Stored dataset items:
======

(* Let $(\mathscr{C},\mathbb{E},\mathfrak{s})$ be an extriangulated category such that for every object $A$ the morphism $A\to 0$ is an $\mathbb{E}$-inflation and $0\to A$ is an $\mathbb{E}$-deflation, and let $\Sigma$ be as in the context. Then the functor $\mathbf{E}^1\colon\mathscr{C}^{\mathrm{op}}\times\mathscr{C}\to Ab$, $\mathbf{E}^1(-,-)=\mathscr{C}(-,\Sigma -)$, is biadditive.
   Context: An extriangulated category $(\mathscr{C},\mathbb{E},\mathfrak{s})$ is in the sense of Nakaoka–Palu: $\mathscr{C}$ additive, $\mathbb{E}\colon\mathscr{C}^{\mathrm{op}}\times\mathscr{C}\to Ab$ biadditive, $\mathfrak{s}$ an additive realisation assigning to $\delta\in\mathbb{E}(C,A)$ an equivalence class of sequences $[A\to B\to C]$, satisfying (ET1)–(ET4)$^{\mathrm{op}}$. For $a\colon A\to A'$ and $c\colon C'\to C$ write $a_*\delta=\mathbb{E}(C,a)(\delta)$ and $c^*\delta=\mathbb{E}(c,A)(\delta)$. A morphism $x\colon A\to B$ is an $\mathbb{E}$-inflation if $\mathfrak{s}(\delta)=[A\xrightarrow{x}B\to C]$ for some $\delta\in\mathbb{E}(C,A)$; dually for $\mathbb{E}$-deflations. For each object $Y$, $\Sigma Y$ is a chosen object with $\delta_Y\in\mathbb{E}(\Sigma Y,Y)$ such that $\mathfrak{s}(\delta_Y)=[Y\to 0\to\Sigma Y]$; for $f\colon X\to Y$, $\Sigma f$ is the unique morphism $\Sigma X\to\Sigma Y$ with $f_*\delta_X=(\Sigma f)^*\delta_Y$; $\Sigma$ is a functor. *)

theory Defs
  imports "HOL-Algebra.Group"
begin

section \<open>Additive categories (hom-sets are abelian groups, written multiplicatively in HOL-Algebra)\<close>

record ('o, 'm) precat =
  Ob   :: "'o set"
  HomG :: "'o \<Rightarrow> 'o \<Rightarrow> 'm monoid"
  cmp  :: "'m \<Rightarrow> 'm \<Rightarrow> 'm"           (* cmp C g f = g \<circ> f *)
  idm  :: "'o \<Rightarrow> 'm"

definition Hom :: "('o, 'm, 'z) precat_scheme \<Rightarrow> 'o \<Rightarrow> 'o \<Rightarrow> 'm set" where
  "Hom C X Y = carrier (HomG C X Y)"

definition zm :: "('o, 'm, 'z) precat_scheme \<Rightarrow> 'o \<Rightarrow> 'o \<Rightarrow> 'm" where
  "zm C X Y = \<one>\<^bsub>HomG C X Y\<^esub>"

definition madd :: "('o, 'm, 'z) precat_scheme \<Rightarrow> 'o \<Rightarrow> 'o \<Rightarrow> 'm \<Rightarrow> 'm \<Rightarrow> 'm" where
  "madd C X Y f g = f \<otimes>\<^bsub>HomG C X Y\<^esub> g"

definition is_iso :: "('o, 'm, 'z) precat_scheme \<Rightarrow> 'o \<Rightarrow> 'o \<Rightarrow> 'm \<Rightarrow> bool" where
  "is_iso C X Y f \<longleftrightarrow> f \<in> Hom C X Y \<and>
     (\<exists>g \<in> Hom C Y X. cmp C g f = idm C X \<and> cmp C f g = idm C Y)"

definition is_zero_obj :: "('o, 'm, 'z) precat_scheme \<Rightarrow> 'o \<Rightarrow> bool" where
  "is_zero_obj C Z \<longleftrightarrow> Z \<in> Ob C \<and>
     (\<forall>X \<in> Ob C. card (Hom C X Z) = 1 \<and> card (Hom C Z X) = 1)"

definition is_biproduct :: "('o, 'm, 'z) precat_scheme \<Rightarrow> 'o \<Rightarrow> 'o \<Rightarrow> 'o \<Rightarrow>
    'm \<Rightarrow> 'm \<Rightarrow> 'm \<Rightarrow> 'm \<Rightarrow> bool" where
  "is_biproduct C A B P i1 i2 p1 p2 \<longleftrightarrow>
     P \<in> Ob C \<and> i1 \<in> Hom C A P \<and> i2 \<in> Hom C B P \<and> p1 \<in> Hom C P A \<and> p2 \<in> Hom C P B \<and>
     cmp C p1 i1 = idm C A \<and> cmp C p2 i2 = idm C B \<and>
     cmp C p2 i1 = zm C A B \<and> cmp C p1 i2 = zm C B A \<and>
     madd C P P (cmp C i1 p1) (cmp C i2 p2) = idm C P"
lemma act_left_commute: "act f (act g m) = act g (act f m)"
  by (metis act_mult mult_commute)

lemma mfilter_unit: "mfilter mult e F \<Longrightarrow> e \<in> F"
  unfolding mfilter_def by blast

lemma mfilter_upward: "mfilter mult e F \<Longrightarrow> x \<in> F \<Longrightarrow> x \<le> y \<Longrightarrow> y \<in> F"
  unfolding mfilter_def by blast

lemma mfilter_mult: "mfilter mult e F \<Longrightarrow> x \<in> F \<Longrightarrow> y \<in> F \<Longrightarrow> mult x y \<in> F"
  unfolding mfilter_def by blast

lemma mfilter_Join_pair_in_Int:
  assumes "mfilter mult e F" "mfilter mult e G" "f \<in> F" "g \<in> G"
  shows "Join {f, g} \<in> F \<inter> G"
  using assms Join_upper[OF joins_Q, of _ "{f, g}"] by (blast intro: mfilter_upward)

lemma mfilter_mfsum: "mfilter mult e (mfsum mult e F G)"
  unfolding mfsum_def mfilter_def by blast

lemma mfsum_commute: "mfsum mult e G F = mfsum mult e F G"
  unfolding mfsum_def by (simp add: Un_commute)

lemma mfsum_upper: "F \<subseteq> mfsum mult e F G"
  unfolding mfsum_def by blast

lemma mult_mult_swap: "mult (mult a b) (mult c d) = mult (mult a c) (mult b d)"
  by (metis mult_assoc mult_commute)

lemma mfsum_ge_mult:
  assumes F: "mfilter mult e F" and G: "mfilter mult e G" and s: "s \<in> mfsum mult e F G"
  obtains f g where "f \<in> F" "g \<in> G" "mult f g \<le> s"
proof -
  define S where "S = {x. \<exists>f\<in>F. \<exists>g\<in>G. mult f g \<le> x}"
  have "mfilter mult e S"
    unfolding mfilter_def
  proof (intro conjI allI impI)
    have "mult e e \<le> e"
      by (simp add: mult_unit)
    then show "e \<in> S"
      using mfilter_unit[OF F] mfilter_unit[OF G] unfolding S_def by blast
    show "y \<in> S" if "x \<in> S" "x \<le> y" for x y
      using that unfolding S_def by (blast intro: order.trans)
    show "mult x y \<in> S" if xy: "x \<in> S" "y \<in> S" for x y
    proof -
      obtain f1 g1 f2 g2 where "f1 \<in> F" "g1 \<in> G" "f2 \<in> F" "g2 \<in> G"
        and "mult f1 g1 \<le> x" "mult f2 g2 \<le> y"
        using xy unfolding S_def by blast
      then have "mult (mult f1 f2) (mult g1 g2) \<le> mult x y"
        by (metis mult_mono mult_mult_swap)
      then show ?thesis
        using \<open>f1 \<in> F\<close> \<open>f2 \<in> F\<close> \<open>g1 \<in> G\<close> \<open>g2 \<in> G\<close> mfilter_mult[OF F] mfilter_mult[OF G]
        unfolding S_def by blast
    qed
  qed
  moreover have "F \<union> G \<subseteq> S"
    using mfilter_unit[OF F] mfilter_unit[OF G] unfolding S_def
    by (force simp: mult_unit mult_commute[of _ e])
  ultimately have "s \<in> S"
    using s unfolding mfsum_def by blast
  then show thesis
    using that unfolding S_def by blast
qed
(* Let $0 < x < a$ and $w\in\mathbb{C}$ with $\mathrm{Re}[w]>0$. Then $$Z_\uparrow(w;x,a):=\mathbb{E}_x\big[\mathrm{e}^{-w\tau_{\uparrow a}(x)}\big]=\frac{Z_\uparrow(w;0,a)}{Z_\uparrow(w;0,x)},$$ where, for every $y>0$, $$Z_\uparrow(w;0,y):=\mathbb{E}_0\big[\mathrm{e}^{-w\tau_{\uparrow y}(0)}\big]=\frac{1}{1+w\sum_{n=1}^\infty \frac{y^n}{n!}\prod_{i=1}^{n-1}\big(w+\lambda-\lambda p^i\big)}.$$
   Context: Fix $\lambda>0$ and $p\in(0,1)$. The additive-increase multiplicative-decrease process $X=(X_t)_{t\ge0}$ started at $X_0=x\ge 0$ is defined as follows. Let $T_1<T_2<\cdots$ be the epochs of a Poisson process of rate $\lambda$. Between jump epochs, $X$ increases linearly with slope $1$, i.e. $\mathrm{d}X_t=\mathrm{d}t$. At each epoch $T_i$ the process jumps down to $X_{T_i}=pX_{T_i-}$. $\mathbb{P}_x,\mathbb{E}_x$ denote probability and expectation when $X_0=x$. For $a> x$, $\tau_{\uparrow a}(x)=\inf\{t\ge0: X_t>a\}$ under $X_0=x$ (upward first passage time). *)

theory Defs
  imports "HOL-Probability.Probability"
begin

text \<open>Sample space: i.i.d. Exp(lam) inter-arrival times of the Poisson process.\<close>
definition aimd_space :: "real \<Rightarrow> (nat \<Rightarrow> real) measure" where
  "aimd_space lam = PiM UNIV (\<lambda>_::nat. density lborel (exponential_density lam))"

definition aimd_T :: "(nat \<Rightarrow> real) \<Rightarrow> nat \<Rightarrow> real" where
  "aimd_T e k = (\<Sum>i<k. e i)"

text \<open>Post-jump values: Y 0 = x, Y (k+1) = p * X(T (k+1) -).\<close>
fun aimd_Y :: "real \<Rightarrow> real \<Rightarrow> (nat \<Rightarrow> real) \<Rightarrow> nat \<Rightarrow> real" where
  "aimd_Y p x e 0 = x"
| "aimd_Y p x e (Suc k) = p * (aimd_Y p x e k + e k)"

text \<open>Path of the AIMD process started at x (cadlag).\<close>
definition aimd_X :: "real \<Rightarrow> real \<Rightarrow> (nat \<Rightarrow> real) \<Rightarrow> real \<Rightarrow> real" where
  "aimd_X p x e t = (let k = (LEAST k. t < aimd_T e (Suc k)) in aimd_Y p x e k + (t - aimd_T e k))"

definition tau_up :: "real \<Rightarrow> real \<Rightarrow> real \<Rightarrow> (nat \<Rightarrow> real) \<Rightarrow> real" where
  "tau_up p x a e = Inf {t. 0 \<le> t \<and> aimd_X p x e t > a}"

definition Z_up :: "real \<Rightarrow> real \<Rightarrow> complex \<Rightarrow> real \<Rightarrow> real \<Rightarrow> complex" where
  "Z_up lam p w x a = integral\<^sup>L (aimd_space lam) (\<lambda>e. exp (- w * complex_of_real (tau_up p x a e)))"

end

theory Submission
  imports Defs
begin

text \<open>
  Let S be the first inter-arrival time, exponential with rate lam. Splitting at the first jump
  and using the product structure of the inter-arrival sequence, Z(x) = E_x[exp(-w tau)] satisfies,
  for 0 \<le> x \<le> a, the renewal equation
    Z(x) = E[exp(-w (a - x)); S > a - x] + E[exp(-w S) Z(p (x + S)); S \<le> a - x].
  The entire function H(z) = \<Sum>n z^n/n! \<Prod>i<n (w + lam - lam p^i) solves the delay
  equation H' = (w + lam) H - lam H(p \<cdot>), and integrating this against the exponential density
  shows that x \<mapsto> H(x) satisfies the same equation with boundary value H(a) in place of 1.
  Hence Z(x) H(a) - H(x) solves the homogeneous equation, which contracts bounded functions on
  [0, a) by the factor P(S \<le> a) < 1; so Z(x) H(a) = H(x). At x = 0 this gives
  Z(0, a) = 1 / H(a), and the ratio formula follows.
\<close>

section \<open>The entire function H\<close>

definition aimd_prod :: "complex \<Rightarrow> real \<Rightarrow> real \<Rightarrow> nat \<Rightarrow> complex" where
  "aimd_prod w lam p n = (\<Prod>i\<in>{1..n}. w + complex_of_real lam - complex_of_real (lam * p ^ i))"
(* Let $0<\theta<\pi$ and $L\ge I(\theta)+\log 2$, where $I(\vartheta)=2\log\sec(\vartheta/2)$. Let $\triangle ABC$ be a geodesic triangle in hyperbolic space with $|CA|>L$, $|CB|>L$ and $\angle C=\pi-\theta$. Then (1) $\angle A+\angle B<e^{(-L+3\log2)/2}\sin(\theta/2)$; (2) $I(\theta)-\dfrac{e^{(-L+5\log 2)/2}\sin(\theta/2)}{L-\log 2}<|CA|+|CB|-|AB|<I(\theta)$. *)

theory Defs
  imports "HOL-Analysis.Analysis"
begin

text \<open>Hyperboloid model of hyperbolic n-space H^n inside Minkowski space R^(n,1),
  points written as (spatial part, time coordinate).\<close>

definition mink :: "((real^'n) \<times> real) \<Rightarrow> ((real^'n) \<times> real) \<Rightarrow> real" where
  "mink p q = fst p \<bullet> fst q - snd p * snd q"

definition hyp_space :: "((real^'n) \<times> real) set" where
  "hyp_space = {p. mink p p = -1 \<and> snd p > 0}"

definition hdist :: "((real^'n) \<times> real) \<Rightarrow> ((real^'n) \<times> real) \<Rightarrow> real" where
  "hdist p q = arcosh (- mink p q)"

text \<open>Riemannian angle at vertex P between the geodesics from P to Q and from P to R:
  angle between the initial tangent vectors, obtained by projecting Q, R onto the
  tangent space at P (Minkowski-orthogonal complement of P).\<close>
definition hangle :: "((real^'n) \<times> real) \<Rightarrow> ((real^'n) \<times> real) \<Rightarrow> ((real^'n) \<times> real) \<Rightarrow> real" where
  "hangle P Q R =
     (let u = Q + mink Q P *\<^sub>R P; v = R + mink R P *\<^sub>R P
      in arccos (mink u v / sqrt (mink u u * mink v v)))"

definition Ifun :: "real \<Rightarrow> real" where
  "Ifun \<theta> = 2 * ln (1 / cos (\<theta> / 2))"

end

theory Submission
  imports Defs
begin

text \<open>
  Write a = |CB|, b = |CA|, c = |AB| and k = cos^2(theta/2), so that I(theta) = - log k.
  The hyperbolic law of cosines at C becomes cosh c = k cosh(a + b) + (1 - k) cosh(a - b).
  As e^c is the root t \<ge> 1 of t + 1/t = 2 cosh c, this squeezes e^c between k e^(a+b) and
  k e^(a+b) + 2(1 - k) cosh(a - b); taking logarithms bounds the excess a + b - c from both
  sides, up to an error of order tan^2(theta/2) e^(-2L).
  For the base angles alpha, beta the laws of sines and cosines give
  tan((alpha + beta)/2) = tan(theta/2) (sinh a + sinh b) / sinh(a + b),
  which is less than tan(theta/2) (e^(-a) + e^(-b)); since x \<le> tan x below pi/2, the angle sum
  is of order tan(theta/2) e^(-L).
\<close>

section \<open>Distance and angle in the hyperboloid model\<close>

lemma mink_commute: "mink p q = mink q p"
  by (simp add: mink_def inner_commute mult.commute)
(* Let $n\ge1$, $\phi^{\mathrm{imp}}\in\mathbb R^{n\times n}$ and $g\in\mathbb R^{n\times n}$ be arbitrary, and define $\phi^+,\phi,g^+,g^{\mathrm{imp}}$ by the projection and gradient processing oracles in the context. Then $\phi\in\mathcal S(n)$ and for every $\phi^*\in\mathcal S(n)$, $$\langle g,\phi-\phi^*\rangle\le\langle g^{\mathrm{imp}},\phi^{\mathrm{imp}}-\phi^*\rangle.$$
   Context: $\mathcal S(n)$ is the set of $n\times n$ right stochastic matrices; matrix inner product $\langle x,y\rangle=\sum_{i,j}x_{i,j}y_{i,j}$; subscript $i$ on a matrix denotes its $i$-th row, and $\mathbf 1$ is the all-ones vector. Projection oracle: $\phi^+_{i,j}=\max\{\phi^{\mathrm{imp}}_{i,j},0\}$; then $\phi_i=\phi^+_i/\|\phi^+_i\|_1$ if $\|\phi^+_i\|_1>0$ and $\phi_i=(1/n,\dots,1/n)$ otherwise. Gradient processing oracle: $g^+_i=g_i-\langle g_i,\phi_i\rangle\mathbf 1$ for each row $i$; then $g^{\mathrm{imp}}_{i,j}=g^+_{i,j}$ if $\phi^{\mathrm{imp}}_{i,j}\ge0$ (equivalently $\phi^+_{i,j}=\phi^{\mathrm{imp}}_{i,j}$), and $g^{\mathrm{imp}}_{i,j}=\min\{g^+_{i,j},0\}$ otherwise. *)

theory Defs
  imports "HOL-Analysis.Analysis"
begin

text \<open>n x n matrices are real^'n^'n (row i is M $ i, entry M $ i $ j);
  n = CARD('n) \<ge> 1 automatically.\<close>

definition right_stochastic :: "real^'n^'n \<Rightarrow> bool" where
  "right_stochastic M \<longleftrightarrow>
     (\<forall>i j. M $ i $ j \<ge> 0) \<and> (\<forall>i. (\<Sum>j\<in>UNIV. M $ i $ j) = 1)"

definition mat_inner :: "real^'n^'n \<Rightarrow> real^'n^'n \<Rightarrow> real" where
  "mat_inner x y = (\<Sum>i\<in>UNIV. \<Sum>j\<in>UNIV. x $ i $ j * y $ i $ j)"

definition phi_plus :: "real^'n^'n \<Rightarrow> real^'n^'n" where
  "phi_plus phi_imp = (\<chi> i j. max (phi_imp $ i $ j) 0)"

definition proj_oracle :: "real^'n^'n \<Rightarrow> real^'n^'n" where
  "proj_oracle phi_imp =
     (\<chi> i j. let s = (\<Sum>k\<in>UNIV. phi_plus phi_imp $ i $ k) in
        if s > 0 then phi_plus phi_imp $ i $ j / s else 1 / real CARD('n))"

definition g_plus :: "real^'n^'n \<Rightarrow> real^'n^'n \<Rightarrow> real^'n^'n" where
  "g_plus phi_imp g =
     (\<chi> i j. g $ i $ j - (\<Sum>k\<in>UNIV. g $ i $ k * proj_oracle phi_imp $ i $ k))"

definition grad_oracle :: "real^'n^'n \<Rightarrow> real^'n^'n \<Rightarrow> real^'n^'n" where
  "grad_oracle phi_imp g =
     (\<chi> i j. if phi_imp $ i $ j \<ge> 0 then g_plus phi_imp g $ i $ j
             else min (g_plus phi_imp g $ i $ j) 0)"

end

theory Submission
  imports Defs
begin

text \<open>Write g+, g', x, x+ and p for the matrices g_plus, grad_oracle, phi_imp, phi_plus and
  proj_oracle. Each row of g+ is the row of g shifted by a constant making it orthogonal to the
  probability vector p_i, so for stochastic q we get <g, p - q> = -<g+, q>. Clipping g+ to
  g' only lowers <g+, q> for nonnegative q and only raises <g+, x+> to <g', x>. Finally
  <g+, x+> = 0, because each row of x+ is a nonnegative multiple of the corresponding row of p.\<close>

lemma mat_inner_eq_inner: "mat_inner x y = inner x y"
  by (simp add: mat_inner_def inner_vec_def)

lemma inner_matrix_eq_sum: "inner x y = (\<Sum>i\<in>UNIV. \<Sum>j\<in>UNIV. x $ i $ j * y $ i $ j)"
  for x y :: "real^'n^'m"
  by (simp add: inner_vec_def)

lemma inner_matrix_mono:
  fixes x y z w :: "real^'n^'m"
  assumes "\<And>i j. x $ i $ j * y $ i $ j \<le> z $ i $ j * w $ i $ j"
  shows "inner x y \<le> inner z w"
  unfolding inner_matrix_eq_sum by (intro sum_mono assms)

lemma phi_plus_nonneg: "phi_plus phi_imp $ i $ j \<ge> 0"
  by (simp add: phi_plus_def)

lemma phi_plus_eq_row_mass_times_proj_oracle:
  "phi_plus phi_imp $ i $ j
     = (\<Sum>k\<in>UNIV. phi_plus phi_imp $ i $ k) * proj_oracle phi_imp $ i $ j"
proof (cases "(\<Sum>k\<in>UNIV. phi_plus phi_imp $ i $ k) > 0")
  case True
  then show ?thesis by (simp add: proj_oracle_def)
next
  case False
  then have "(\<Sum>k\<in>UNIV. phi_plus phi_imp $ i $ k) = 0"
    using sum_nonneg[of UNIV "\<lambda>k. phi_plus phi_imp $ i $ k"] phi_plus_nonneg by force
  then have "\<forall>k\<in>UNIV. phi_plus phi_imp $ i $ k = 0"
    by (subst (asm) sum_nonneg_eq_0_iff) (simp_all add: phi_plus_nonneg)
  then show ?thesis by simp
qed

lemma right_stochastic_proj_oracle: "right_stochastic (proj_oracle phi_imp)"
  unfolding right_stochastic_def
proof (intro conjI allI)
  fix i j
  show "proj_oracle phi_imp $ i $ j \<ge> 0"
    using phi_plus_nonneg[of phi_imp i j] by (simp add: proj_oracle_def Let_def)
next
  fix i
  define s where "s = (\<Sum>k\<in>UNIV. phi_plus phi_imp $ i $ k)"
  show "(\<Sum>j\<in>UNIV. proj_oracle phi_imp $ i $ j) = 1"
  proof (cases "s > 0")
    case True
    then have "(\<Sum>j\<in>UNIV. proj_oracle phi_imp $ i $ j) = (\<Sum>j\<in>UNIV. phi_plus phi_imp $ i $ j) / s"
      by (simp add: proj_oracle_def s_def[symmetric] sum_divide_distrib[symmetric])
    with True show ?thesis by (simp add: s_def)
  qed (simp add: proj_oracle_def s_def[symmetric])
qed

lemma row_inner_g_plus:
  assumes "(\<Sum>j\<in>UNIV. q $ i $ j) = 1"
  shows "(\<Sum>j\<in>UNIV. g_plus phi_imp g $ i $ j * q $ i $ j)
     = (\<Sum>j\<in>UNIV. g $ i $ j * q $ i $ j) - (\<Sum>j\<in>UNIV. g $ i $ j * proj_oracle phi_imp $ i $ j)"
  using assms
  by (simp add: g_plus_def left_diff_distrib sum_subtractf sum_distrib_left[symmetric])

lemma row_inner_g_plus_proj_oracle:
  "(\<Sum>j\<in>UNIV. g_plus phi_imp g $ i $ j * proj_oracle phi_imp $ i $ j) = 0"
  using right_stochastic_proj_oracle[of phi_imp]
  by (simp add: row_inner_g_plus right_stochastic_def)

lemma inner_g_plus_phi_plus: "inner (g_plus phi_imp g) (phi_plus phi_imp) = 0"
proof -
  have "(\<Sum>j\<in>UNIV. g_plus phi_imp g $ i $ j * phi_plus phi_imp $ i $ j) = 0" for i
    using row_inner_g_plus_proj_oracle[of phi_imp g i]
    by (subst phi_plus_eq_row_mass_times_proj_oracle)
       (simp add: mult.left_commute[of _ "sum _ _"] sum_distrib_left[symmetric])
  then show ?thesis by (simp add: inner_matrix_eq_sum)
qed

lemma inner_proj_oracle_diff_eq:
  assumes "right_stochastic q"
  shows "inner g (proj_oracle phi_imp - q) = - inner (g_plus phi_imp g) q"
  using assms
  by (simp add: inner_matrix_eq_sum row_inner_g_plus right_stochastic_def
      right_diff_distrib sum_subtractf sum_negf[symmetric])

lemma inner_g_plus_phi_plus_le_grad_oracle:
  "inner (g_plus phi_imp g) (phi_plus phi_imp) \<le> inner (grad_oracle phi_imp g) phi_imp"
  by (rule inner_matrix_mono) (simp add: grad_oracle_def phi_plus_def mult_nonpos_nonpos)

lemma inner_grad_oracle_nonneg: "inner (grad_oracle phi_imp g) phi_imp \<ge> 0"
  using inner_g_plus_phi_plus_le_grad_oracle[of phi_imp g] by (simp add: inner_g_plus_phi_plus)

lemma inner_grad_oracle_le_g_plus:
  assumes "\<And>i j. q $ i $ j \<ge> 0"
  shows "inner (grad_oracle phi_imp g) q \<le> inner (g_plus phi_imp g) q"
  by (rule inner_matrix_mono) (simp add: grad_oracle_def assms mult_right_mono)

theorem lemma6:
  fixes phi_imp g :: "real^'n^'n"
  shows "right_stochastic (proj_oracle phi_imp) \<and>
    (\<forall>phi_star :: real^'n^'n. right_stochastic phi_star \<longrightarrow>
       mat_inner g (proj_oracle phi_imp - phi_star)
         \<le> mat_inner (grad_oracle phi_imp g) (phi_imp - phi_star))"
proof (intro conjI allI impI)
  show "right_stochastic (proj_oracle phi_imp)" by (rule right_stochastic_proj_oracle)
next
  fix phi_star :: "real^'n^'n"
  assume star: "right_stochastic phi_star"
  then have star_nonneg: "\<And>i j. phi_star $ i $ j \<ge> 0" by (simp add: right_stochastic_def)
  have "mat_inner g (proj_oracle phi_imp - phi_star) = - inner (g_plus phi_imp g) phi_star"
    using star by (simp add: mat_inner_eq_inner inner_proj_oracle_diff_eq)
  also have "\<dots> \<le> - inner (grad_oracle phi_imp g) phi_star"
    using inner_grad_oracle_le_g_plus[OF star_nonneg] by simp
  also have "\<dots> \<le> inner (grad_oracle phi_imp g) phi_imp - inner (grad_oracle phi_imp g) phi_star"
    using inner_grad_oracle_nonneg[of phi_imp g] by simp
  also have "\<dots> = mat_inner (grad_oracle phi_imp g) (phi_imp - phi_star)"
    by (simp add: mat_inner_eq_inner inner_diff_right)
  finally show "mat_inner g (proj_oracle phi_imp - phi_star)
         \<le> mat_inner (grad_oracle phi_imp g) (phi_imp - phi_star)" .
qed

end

======

- ABOUT THIS EXERCISE
In the entries above, find each line with the word "biadditive" and return it.

- SOLUTION TO THIS TASK
(* Let $(\mathscr{C},\mathbb{E},\mathfrak{s})$ be an extriangulated category such that for every object $A$ the morphism $A\to 0$ is an $\mathbb{E}$-inflation and $0\to A$ is an $\mathbb{E}$-deflation, and let $\Sigma$ be as in the context. Then the functor $\mathbf{E}^1\colon\mathscr{C}^{\mathrm{op}}\times\mathscr{C}\to Ab$, $\mathbf{E}^1(-,-)=\mathscr{C}(-,\Sigma -)$, is biadditive.
   Context: An extriangulated category $(\mathscr{C},\mathbb{E},\mathfrak{s})$ is in the sense of Nakaoka–Palu: $\mathscr{C}$ additive, $\mathbb{E}\colon\mathscr{C}^{\mathrm{op}}\times\mathscr{C}\to Ab$ biadditive, $\mathfrak{s}$ an additive realisation assigning to $\delta\in\mathbb{E}(C,A)$ an equivalence class of sequences $[A\to B\to C]$, satisfying (ET1)–(ET4)$^{\mathrm{op}}$. For $a\colon A\to A'$ and $c\colon C'\to C$ write $a_*\delta=\mathbb{E}(C,a)(\delta)$ and $c^*\delta=\mathbb{E}(c,A)(\delta)$. A morphism $x\colon A\to B$ is an $\mathbb{E}$-inflation if $\mathfrak{s}(\delta)=[A\xrightarrow{x}B\to C]$ for some $\delta\in\mathbb{E}(C,A)$; dually for $\mathbb{E}$-deflations. For each object $Y$, $\Sigma Y$ is a chosen object with $\delta_Y\in\mathbb{E}(\Sigma Y,Y)$ such that $\mathfrak{s}(\delta_Y)=[Y\to 0\to\Sigma Y]$; for $f\colon X\to Y$, $\Sigma f$ is the unique morphism $\Sigma X\to\Sigma Y$ with $f_*\delta_X=(\Sigma f)^*\delta_Y$; $\Sigma$ is a functor. *)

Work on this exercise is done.